» YOUR OBJECTIVE
Every entry needs to be duplicated exactly.

» RECORDS SHOWN
lemma prob_Pi_pmf_sum_ge_Bennett:
  fixes Q :: "'a pmf" and W :: "'a \<Rightarrow> real" and I :: "'i set"
  assumes "finite (set_pmf Q)" and "finite I"
    and "\<And>x. x \<in> set_pmf Q \<Longrightarrow> W x \<le> b" and "0 < b"
    and "measure_pmf.expectation Q W = 0"
    and "measure_pmf.expectation Q (\<lambda>x. (W x)\<^sup>2) \<le> b"
    and "0 < \<epsilon>"
  shows "measure_pmf.prob (Pi_pmf I dflt (\<lambda>_. Q)) {d. real (card I) * \<epsilon> \<le> (\<Sum>j\<in>I. W (d j))}
           \<le> exp (- real (card I) * bennett_h \<epsilon> / b)"
proof -
  define n where "n = real (card I)"
  define P where "P = Pi_pmf I dflt (\<lambda>_. Q)"
  \<comment> \<open>The exponent minimising the Chernoff bound.\<close>
  define l where "l = ln (1 + \<epsilon>) / b"
  have "0 < l"
    using assms(4,7) by (simp add: l_def)
  have exp_lb: "exp (l * b) = 1 + \<epsilon>"
    using assms(4,7) by (simp add: l_def)
  have "finite (set_pmf P)"
    unfolding P_def using assms(1,2) by (intro finite_set_pmf_Pi_pmf) auto
  define u where "u d = (\<Prod>j\<in>I. exp (l * W (d j)))" for d :: "'i \<Rightarrow> 'a"
  have u_eq: "u d = exp (l * (\<Sum>j\<in>I. W (d j)))" for d
    unfolding u_def by (simp add: exp_sum[OF assms(2)] sum_distrib_left)
  have "measure_pmf.expectation P u = (\<Prod>j\<in>I. measure_pmf.expectation Q (\<lambda>x. exp (l * W x)))"
    unfolding u_def P_def
    by (rule expectation_prod_Pi_pmf[OF assms(2)]) (auto simp: integrable_measure_pmf_finite[OF assms(1)])
  also have "\<dots> \<le> (\<Prod>j\<in>I. exp ((\<epsilon> - ln (1 + \<epsilon>)) / b))"
    using expectation_exp_le_Bennett[OF assms(1,3,4) \<open>0 < l\<close> assms(5,6)] assms(4,7)
    by (intro prod_mono conjI integral_nonneg_AE AE_pmfI) (auto simp: exp_lb l_def)
  also have "\<dots> = exp (n * (\<epsilon> - ln (1 + \<epsilon>)) / b)"
    by (simp add: n_def exp_of_nat_mult[symmetric])
  finally have expectation_u: "measure_pmf.expectation P u \<le> exp (n * (\<epsilon> - ln (1 + \<epsilon>)) / b)" .
  have "{d. n * \<epsilon> \<le> (\<Sum>j\<in>I. W (d j))} = {d \<in> space (measure_pmf P). exp (l * (n * \<epsilon>)) \<le> u d}"
    using \<open>0 < l\<close> by (auto simp: u_eq)
  then have "measure_pmf.prob P {d. n * \<epsilon> \<le> (\<Sum>j\<in>I. W (d j))}
             \<le> measure_pmf.expectation P u / exp (l * (n * \<epsilon>))"
    by (simp only:)
       (rule integral_Markov_inequality_measure[OF integrable_measure_pmf_finite[OF \<open>finite (set_pmf P)\<close>]],
        auto simp: u_def intro!: AE_pmfI prod_nonneg)
  also have "\<dots> \<le> exp (n * (\<epsilon> - ln (1 + \<epsilon>)) / b) / exp (l * (n * \<epsilon>))"
    by (intro divide_right_mono expectation_u) simp
  also have "\<dots> = exp (- n * bennett_h \<epsilon> / b)"
    using assms(4) by (simp add: exp_diff[symmetric] l_def bennett_h_def field_simps)
  finally show ?thesis
    unfolding n_def P_def .
qed

lemma expectation_square_le_of_mean_zero:
  fixes Q :: "'a pmf" and Z :: "'a \<Rightarrow> real"
  assumes "finite (set_pmf Q)" and "\<And>x. x \<in> set_pmf Q \<Longrightarrow> - 1 \<le> Z x \<and> Z x \<le> b"
    and "measure_pmf.expectation Q Z = 0"
  shows "measure_pmf.expectation Q (\<lambda>x. (Z x)\<^sup>2) \<le> b"
proof -
  have integrable: "integrable (measure_pmf Q) f" for f :: "'a \<Rightarrow> real"
    using assms(1) by (rule integrable_measure_pmf_finite)
  have "measure_pmf.expectation Q (\<lambda>x. (Z x)\<^sup>2) \<le> measure_pmf.expectation Q (\<lambda>x. (b - 1) * Z x + b)"
  proof (intro integral_mono_AE integrable AE_pmfI)
    fix x assume "x \<in> set_pmf Q"
    then have "0 \<le> (Z x + 1) * (b - Z x)"
      using assms(2)[of x] by (intro mult_nonneg_nonneg) auto
    then show "(Z x)\<^sup>2 \<le> (b - 1) * Z x + b"
      by (simp add: power2_eq_square algebra_simps)
  qed
  also have "\<dots> = b"
    using assms(3) by (simp add: integrable)
  finally show ?thesis .
qed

» RESPONSE AREA
lemma prob_Pi_pmf_sum_ge_Bennett:
  fixes Q :: "'a pmf" and W :: "'a \<Rightarrow> real" and I :: "'i set"
  assumes "finite (set_pmf Q)" and "finite I"
    and "\<And>x. x \<in> set_pmf Q \<Longrightarrow> W x \<le> b" and "0 < b"
    and "measure_pmf.expectation Q W = 0"
    and "measure_pmf.expectation Q (\<lambda>x. (W x)\<^sup>2) \<le> b"
    and "0 < \<epsilon>"
  shows "measure_pmf.prob (Pi_pmf I dflt (\<lambda>_. Q)) {d. real (card I) * \<epsilon> \<le> (\<Sum>j\<in>I. W (d j))}
           \<le> exp (- real (card I) * bennett_h \<epsilon> / b)"
proof -
  define n where "n = real (card I)"
  define P where "P = Pi_pmf I dflt (\<lambda>_. Q)"
  \<comment> \<open>The exponent minimising the Chernoff bound.\<close>
  define l where "l = ln (1 + \<epsilon>) / b"
  have "0 < l"
    using assms(4,7) by (simp add: l_def)
  have exp_lb: "exp (l * b) = 1 + \<epsilon>"
    using assms(4,7) by (simp add: l_def)
  have "finite (set_pmf P)"
    unfolding P_def using assms(1,2) by (intro finite_set_pmf_Pi_pmf) auto
  define u where "u d = (\<Prod>j\<in>I. exp (l * W (d j)))" for d :: "'i \<Rightarrow> 'a"
  have u_eq: "u d = exp (l * (\<Sum>j\<in>I. W (d j)))" for d
    unfolding u_def by (simp add: exp_sum[OF assms(2)] sum_distrib_left)
  have "measure_pmf.expectation P u = (\<Prod>j\<in>I. measure_pmf.expectation Q (\<lambda>x. exp (l * W x)))"
    unfolding u_def P_def
    by (rule expectation_prod_Pi_pmf[OF assms(2)]) (auto simp: integrable_measure_pmf_finite[OF assms(1)])
  also have "\<dots> \<le> (\<Prod>j\<in>I. exp ((\<epsilon> - ln (1 + \<epsilon>)) / b))"
    using expectation_exp_le_Bennett[OF assms(1,3,4) \<open>0 < l\<close> assms(5,6)] assms(4,7)
    by (intro prod_mono conjI integral_nonneg_AE AE_pmfI) (auto simp: exp_lb l_def)
  also have "\<dots> = exp (n * (\<epsilon> - ln (1 + \<epsilon>)) / b)"
    by (simp add: n_def exp_of_nat_mult[symmetric])
  finally have expectation_u: "measure_pmf.expectation P u \<le> exp (n * (\<epsilon> - ln (1 + \<epsilon>)) / b)" .
  have "{d. n * \<epsilon> \<le> (\<Sum>j\<in>I. W (d j))} = {d \<in> space (measure_pmf P). exp (l * (n * \<epsilon>)) \<le> u d}"
    using \<open>0 < l\<close> by (auto simp: u_eq)
  then have "measure_pmf.prob P {d. n * \<epsilon> \<le> (\<Sum>j\<in>I. W (d j))}
             \<le> measure_pmf.expectation P u / exp (l * (n * \<epsilon>))"
    by (simp only:)
       (rule integral_Markov_inequality_measure[OF integrable_measure_pmf_finite[OF \<open>finite (set_pmf P)\<close>]],
        auto simp: u_def intro!: AE_pmfI prod_nonneg)
  also have "\<dots> \<le> exp (n * (\<epsilon> - ln (1 + \<epsilon>)) / b) / exp (l * (n * \<epsilon>))"
    by (intro divide_right_mono expectation_u) simp
  also have "\<dots> = exp (- n * bennett_h \<epsilon> / b)"
    using assms(4) by (simp add: exp_diff[symmetric] l_def bennett_h_def field_simps)
  finally show ?thesis
    unfolding n_def P_def .
qed

lemma expectation_square_le_of_mean_zero:
  fixes Q :: "'a pmf" and Z :: "'a \<Rightarrow> real"
  assumes "finite (set_pmf Q)" and "\<And>x. x \<in> set_pmf Q \<Longrightarrow> - 1 \<le> Z x \<and> Z x \<le> b"
    and "measure_pmf.expectation Q Z = 0"
  shows "measure_pmf.expectation Q (\<lambda>x. (Z x)\<^sup>2) \<le> b"
proof -
  have integrable: "integrable (measure_pmf Q) f" for f :: "'a \<Rightarrow> real"
    using assms(1) by (rule integrable_measure_pmf_finite)
  have "measure_pmf.expectation Q (\<lambda>x. (Z x)\<^sup>2) \<le> measure_pmf.expectation Q (\<lambda>x. (b - 1) * Z x + b)"
  proof (intro integral_mono_AE integrable AE_pmfI)
    fix x assume "x \<in> set_pmf Q"
    then have "0 \<le> (Z x + 1) * (b - Z x)"
      using assms(2)[of x] by (intro mult_nonneg_nonneg) auto
    then show "(Z x)\<^sup>2 \<le> (b - 1) * Z x + b"
      by (simp add: power2_eq_square algebra_simps)
  qed
  also have "\<dots> = b"
    using assms(3) by (simp add: integrable)
  finally show ?thesis .
qed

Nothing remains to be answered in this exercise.